Take the material below and output exactly the run of lines from the one containing "monoid_scheme \<Rightarrow> 'a" down to the one containing "- 1)) \<otimes>\<^bsub>G\<^esub>", with both included.
============================================================
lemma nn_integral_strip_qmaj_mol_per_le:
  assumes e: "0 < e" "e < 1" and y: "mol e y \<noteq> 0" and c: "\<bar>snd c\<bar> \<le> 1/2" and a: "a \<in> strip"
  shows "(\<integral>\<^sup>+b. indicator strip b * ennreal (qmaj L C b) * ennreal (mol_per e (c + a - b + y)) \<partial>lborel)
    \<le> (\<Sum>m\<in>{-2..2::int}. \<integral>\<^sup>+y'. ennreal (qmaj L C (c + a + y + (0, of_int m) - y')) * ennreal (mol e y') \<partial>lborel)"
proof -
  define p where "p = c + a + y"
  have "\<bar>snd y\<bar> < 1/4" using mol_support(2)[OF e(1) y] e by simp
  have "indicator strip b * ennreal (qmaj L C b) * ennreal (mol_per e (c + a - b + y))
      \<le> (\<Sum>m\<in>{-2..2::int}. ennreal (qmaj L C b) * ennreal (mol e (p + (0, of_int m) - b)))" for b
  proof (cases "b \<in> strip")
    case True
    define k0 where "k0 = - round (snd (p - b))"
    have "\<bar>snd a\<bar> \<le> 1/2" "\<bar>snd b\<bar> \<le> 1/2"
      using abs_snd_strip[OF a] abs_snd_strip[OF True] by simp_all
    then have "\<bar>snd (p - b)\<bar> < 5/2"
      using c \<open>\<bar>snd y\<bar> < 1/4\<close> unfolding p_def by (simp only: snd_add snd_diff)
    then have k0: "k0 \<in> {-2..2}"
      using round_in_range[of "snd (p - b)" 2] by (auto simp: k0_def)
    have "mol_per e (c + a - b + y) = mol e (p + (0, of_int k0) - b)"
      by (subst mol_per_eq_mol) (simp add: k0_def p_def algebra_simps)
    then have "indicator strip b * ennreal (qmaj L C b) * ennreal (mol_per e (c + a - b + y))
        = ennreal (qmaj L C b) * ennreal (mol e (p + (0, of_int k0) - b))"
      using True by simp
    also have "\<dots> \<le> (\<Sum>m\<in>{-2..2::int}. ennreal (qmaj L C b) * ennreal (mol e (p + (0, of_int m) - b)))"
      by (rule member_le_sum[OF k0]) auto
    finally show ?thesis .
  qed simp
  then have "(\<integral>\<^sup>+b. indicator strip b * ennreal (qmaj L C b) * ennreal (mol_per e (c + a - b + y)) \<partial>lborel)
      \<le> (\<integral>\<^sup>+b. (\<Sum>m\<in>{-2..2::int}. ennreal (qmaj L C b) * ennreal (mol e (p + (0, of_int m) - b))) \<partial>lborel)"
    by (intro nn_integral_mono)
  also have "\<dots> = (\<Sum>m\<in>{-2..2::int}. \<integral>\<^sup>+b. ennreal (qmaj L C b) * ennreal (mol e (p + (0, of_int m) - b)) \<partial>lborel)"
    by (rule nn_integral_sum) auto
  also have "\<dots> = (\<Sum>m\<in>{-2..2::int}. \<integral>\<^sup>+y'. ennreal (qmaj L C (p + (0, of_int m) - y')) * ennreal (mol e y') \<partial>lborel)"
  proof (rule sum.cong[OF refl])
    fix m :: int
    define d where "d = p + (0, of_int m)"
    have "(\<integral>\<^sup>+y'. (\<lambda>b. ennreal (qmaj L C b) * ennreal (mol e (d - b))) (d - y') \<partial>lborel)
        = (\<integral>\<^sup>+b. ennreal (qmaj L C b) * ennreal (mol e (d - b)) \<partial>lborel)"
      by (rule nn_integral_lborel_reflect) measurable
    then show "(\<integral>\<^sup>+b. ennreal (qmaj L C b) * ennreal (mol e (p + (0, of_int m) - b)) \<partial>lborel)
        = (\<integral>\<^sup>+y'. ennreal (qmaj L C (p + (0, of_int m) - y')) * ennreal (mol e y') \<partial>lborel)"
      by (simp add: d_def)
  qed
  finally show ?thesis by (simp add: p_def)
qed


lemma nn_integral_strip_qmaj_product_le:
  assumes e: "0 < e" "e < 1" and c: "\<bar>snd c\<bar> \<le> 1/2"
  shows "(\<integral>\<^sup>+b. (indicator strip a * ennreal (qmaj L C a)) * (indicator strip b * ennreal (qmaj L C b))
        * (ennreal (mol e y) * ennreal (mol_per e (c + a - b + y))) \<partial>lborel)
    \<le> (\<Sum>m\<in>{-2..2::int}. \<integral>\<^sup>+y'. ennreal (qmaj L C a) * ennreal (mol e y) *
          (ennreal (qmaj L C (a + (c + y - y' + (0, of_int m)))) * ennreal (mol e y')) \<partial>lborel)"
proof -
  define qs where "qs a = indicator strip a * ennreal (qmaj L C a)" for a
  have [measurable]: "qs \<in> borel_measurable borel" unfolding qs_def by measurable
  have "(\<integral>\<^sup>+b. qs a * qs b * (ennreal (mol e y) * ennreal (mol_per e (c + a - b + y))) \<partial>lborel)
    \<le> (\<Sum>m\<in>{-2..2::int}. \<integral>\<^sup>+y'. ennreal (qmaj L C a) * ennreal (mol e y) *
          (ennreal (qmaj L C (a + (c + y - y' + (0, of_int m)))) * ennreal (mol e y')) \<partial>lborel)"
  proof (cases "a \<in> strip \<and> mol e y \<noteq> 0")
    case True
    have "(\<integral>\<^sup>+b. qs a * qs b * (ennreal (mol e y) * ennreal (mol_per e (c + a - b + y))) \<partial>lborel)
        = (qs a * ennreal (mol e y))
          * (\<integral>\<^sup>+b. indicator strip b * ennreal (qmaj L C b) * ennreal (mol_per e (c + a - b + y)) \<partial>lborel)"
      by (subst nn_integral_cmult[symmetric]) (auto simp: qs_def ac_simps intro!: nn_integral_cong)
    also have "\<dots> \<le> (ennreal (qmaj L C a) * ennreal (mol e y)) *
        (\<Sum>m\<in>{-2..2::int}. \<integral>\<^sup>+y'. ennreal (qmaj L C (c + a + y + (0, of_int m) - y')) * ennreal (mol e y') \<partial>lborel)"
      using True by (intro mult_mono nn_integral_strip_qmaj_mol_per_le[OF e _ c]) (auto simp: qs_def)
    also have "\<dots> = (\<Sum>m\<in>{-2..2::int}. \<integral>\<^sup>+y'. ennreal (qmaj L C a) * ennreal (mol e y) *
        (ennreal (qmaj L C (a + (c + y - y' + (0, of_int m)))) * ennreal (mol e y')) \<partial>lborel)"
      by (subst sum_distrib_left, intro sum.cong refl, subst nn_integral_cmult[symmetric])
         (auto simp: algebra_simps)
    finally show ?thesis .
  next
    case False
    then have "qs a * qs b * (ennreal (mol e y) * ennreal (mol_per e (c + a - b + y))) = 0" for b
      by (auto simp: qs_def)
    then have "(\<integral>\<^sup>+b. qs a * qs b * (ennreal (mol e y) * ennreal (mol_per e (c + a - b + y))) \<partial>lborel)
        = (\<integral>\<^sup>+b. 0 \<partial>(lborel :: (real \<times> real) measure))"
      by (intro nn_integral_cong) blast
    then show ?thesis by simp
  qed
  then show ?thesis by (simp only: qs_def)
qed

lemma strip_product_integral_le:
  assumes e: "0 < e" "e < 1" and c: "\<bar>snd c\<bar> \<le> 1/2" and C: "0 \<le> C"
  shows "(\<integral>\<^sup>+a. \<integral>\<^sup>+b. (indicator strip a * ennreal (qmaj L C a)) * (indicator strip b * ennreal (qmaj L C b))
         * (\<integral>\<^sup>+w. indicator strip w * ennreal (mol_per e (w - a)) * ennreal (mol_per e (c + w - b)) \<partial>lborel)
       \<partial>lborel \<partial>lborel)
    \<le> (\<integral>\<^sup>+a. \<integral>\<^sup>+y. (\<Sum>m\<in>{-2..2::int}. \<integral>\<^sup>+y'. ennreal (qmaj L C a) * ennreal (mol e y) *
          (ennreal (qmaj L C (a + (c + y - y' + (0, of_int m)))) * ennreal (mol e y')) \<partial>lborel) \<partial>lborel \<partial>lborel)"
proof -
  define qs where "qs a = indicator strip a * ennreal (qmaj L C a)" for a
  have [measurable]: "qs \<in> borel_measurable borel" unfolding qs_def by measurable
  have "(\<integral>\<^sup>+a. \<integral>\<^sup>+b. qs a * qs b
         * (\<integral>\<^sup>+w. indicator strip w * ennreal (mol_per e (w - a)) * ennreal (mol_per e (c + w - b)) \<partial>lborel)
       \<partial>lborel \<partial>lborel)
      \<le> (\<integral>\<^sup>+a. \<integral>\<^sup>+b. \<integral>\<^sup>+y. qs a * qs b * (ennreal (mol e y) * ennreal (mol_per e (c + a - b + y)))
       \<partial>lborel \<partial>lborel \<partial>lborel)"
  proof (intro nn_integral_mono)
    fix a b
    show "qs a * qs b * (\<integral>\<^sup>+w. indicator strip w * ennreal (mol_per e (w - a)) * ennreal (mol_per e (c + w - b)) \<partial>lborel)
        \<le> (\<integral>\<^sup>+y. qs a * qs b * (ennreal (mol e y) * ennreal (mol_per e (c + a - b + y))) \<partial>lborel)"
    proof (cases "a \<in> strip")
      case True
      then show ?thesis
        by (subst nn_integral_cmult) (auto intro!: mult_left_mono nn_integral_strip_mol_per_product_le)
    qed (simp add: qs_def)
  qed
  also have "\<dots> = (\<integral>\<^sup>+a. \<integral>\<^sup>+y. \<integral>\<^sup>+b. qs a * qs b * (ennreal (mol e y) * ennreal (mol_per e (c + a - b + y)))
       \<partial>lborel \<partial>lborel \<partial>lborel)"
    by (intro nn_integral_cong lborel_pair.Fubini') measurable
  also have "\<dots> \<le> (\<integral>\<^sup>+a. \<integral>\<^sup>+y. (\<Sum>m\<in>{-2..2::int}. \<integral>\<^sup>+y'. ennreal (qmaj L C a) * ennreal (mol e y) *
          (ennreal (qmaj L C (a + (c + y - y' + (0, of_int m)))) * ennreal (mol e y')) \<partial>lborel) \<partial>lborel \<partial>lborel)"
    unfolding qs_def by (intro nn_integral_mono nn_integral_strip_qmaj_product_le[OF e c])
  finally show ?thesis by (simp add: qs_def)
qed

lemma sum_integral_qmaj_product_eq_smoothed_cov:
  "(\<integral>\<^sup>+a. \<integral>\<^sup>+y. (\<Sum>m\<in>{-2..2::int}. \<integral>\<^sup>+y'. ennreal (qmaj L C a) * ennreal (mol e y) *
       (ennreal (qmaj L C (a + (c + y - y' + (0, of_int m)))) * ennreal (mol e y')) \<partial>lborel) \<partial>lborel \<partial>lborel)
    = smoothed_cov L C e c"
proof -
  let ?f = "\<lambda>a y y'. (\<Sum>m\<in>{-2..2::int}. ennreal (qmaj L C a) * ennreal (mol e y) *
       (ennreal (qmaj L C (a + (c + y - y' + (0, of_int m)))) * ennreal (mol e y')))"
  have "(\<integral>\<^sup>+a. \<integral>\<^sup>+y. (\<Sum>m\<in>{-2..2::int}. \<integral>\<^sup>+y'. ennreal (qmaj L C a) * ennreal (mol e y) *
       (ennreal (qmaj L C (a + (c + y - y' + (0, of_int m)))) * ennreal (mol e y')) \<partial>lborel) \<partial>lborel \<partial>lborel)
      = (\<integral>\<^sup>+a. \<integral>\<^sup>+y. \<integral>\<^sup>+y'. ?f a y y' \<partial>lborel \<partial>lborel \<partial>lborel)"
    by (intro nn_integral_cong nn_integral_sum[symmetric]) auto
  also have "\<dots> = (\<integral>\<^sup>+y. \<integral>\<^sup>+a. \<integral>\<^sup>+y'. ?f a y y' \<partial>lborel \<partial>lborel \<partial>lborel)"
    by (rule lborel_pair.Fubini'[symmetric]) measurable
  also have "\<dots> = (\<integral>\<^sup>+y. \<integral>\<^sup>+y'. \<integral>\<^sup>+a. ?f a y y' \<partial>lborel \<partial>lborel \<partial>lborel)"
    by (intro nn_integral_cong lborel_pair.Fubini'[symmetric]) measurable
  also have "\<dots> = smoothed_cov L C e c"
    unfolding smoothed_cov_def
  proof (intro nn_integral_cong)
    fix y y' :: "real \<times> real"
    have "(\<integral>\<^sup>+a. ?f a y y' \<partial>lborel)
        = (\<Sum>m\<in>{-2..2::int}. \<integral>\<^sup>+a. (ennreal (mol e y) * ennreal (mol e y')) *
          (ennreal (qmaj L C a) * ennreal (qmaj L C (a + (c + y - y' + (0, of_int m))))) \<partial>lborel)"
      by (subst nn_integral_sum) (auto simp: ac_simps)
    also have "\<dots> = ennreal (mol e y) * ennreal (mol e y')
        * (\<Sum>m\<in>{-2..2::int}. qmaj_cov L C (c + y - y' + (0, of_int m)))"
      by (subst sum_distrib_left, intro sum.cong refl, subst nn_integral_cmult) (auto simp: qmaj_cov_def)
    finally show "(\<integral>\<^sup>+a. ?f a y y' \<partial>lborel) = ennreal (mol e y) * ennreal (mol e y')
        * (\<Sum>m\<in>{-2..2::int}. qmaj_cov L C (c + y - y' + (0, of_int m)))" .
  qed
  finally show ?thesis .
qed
============================================================
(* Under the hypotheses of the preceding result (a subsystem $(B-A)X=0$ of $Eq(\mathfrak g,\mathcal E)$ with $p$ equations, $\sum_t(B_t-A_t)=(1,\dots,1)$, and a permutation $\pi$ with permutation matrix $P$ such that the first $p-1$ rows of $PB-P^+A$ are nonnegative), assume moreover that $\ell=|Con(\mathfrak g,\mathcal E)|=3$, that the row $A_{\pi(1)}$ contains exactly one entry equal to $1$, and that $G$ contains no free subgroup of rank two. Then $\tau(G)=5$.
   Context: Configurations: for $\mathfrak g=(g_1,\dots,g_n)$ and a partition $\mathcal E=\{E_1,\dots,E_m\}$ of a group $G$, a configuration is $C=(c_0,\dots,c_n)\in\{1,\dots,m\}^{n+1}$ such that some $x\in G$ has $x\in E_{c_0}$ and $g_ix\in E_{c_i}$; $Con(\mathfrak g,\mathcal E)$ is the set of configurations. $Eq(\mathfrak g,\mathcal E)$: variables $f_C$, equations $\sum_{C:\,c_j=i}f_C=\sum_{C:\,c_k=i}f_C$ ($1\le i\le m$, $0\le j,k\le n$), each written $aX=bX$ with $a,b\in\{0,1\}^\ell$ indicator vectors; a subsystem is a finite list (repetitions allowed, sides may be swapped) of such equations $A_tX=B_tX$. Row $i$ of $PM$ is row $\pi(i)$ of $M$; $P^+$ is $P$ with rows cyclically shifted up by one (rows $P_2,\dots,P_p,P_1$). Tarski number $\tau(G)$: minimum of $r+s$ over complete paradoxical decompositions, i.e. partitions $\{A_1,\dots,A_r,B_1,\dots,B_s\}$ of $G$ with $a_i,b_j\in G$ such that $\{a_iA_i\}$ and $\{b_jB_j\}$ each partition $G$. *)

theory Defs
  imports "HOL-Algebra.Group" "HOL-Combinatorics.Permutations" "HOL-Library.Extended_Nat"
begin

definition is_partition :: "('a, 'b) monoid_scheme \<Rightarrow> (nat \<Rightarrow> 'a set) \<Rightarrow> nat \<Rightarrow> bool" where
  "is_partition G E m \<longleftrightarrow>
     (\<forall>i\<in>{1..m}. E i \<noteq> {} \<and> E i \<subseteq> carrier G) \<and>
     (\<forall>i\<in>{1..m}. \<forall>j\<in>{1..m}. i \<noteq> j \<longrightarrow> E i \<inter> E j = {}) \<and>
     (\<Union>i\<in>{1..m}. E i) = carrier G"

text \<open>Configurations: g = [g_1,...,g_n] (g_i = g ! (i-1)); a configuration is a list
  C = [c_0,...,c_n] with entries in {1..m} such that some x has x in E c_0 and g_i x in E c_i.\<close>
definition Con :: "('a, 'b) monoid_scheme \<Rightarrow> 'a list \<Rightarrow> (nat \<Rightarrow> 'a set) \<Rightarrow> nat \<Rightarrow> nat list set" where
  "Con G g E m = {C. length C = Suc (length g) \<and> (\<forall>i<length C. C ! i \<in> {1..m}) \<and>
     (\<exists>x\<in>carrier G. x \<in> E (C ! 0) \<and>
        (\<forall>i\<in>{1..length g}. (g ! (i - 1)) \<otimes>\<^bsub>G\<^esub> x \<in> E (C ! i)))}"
============================================================
- SOLUTION:
definition Con :: "('a, 'b) monoid_scheme \<Rightarrow> 'a list \<Rightarrow> (nat \<Rightarrow> 'a set) \<Rightarrow> nat \<Rightarrow> nat list set" where
  "Con G g E m = {C. length C = Suc (length g) \<and> (\<forall>i<length C. C ! i \<in> {1..m}) \<and>
     (\<exists>x\<in>carrier G. x \<in> E (C ! 0) \<and>
        (\<forall>i\<in>{1..length g}. (g ! (i - 1)) \<otimes>\<^bsub>G\<^esub> x \<in> E (C ! i)))}"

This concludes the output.